Uranium elution (or de-sorption) from the loaded ceramic bed was performed by passing the eluent solution of choice through the latter under a fixed flow-rate of 1 ml/min.

3 Results and discussion

3.1

3.1 Results of equilibrium studies

3.1.1

3.1.1 Effect of contact time

In order to study the effect of increasing contact time upon uranium adsorption on the ceramic adsorbent, a series of adsorption experiments were performed by contacting a fixed weight (0.5 g) with a fixed portion (20 ml) from the synthetic uraniferous phosphoric acid solution (of 50 mg U/L) adjusted at pH 1 at room temperature (≈25 °C).

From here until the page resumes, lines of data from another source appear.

lemma abs_lamhat_lam_le:
  assumes "seq_lipschitz \<alpha> (f \<theta>)" and "summable (trunc_err \<alpha> Y t \<omega>)"
  shows "\<bar>lamhat f Y \<theta> t \<omega> - lam f Y \<theta> (int t) \<omega>\<bar> \<le> suminf (trunc_err \<alpha> Y t \<omega>)"
  using assms unfolding seq_lipschitz_def lamhat_def lam_def trunc_err_eq by auto

lemma abs_Lnhat_Ln_le:
  assumes "0 < c" and f_ge: "\<And>y. c \<le> f \<theta> y" and lip: "seq_lipschitz \<alpha> (f \<theta>)"
    and summable: "\<And>l. summable (trunc_err \<alpha> Y (Suc l) \<omega>)"
  shows "\<bar>Lnhat f Y \<theta> n \<omega> - Ln f Y \<theta> n \<omega>\<bar>
    \<le> (\<Sum>l<n. (real (Y (int (Suc l)) \<omega>)/c + 1) * suminf (trunc_err \<alpha> Y (Suc l) \<omega>))"
proof -
  define ell_hat where "ell_hat = (\<lambda>t. real (Y (int t) \<omega>) * ln (lamhat f Y \<theta> t \<omega>) - lamhat f Y \<theta> t \<omega>)"
  define ell where "ell = (\<lambda>t. real (Y (int t) \<omega>) * ln (lam f Y \<theta> (int t) \<omega>) - lam f Y \<theta> (int t) \<omega>)"
  have term_le: "\<bar>ell_hat (Suc l) - ell (Suc l)\<bar>
      \<le> (real (Y (int (Suc l)) \<omega>)/c + 1) * suminf (trunc_err \<alpha> Y (Suc l) \<omega>)" for l
  proof -
    have "\<bar>ell_hat (Suc l) - ell (Suc l)\<bar>
        \<le> (real (Y (int (Suc l)) \<omega>)/c + 1) * \<bar>lamhat f Y \<theta> (Suc l) \<omega> - lam f Y \<theta> (int (Suc l)) \<omega>\<bar>"
      unfolding ell_hat_def ell_def
      by (rule abs_poisson_loglik_diff_le) (use \<open>0 < c\<close> f_ge in \<open>auto simp: lamhat_def lam_def\<close>)
    also have "\<dots> \<le> (real (Y (int (Suc l)) \<omega>)/c + 1) * suminf (trunc_err \<alpha> Y (Suc l) \<omega>)"
      using abs_lamhat_lam_le[where f = f and \<theta> = \<theta>, OF lip summable] \<open>0 < c\<close> by (intro mult_left_mono) auto
    finally show ?thesis .
  qed
  have "Lnhat f Y \<theta> n \<omega> - Ln f Y \<theta> n \<omega> = sum ell_hat {1..n} - sum ell {1..n}"
    by (simp only: Lnhat_def Ln_def ell_hat_def ell_def)
  also have "\<dots> = (\<Sum>l<n. ell_hat (Suc l) - ell (Suc l))"
    by (simp only: sum_subtractf sum_bounds_lt_plus1)
  finally have "\<bar>Lnhat f Y \<theta> n \<omega> - Ln f Y \<theta> n \<omega>\<bar> \<le> (\<Sum>l<n. \<bar>ell_hat (Suc l) - ell (Suc l)\<bar>)"
    by simp
  also have "\<dots> \<le> (\<Sum>l<n. (real (Y (int (Suc l)) \<omega>)/c + 1) * suminf (trunc_err \<alpha> Y (Suc l) \<omega>))"
    by (intro sum_mono term_le)
  finally show ?thesis .
qed
section \<open>Sharpness of the constant\<close>

lemma I_unbounded:
  assumes "0 < x" "x \<le> a"
  shows "\<exists>t\<in>{0<..<x}. I t > K"
proof -
  define A where "A = c2 powr (-q)"
  have A: "A > 0" using cpos by (simp add: A_def)
  define Y where "Y = max K 0 * \<epsilon> / A + a powr (-\<epsilon>) + 1"
  have Y: "Y > 0"
    using A eps_pos by (simp add: Y_def add_nonneg_pos)
  define t where "t = min (x / 2) (Y powr (-1 / \<epsilon>))"
  have t: "0 < t" "t < x" using assms Y by (auto simp: t_def)
  have "(Y powr (-1 / \<epsilon>)) powr (-\<epsilon>) \<le> t powr (-\<epsilon>)"
    using t eps_pos by (intro powr_mono2') (auto simp: t_def)
  then have Y_le: "Y \<le> t powr (-\<epsilon>)"
    using Y eps_pos by (simp add: powr_powr)
  have "max K 0 + A / \<epsilon> = A * ((max K 0 * \<epsilon> / A + 1) / \<epsilon>)"
    using A eps_pos by (simp add: field_simps)
  also have "\<dots> \<le> A * ((t powr (-\<epsilon>) - a powr (-\<epsilon>)) / \<epsilon>)"
    using Y_le A eps_pos by (intro mult_left_mono divide_right_mono) (auto simp: Y_def)
  also have "\<dots> \<le> I t"
    using I_bounds[of t] t assms by (auto simp: A_def)
  finally have "max K 0 + A / \<epsilon> \<le> I t" .
  moreover have "A / \<epsilon> > 0" using A eps_pos by simp
  ultimately show ?thesis using t by (intro bexI[of _ t]) auto
qed

lemma I_powr_gap:
  assumes "0 < T" "T \<le> a" and e: "e > 0" and c: "0 \<le> c" "c < C"
  shows "\<exists>\<tau>\<in>{0<..<T}. c * I \<tau> powr e < C * (I \<tau> powr e - I T powr e)"
proof -
  define Q where "Q = C * I T powr e / (C - c)"
  have Q: "Q \<ge> 0" using c by (simp add: Q_def)
  obtain \<tau> where \<tau>: "\<tau> \<in> {0<..<T}" "I \<tau> > Q powr (1 / e)"
    using I_unbounded[of T "Q powr (1 / e)"] assms by auto
  have "Q = (Q powr (1 / e)) powr e" using Q e by (simp add: powr_powr)
  also have "\<dots> < I \<tau> powr e" using \<tau>(2) e by (intro powr_less_mono2) auto
  finally have "c * I \<tau> powr e < C * (I \<tau> powr e - I T powr e)"
    using c by (simp add: Q_def divide_less_eq algebra_simps)
  then show ?thesis using \<tau>(1) by blast
qed

definition "trunc_u \<alpha> \<tau> t = (if t \<le> \<tau> then I \<tau> powr \<alpha> else I t powr \<alpha>)"
definition "trunc_g \<alpha> \<tau> t = (if t \<le> \<tau> then 0 else - (\<alpha> * I t powr (\<alpha> - 1) * \<psi> t))"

The studied time intervals ranged from 5 up to 180 min. The obtained results were plotted in Fig. 1. From this figure, the uranium adsorption efficiency attained about 20% at the first experiment (of 5 min). Uranium adsorption efficiencies steadily increased by increasing time till the 3rd experiment (of 60 min) to attain about 95%. Increasing the contact time above 60 min gave no improvement in the adsorption efficiency. Therefore, 60 min is the optimum contact time.

Effect of contact time upon uranium adsorption efficiency on ceramic adsorbent.

3.1.2

3.1.2 Effect of initial uranium concentration

For studying the effect of initial uranium concentration upon the adsorption efficiency on the ceramic adsorbent, a series of experiments were performed by contacting a fixed weight (0.5 g) for 60 min at room temperature (≈25 °C) and pH 1. The studied initial uranium concentrations ranged from 50 up to 200 mg/L. The obtained results were plotted in Fig. 2. From this figure, it is clearly obvious that uranium adsorption efficiency decreases with increasing its initial concentration. Therefore, the uraniferous solution of 50 mg U/L could be chosen as the optimum concentration. The experimental capacity of the ceramic adsorbent could be concluded from Fig. 2 (about 11 mg U/g ceramic).

Effect of initial uranium concentrations upon uranium adsorption efficiency on the ceramic adsorbent.

3.1.3

3.1.3 Adsorption isotherms

The adsorption isotherms for uranium adsorption upon ceramic adsorbent were obtained depending on Fig. 2. The equilibrium adsorption isotherms are analyzed to obtain the Langmuir, Freundlich and Dubinin–Radushkevich (D–R) constants.

3.1.3.1

3.1.3.1 Langmuir isotherm

Langmuir adsorption isotherm models the monolayer coverage of the adsorbent surfaces and assumes that sorption occurs on a structurally homogeneous adsorbent and all its sorption sites are energetically identical. The linearized form of the Longmuir equation is given by the following equation (Hussein, 2011),

(1)

C_{e} / q_{e} = 1 / ({bQ}_{0}) + C_{e} / Q_{0}

where q_e is the amount of solute adsorbed per unit weight of adsorbent (mg/g), C_e is the equilibrium concentration of the solute in the bulk solution (mg/L), Q_o is the monolayer adsorption capacity (mg/g) and b is the sorption equilibrium constant which is related to the free energy of adsorption (b = ae^−Δ ^g/RT)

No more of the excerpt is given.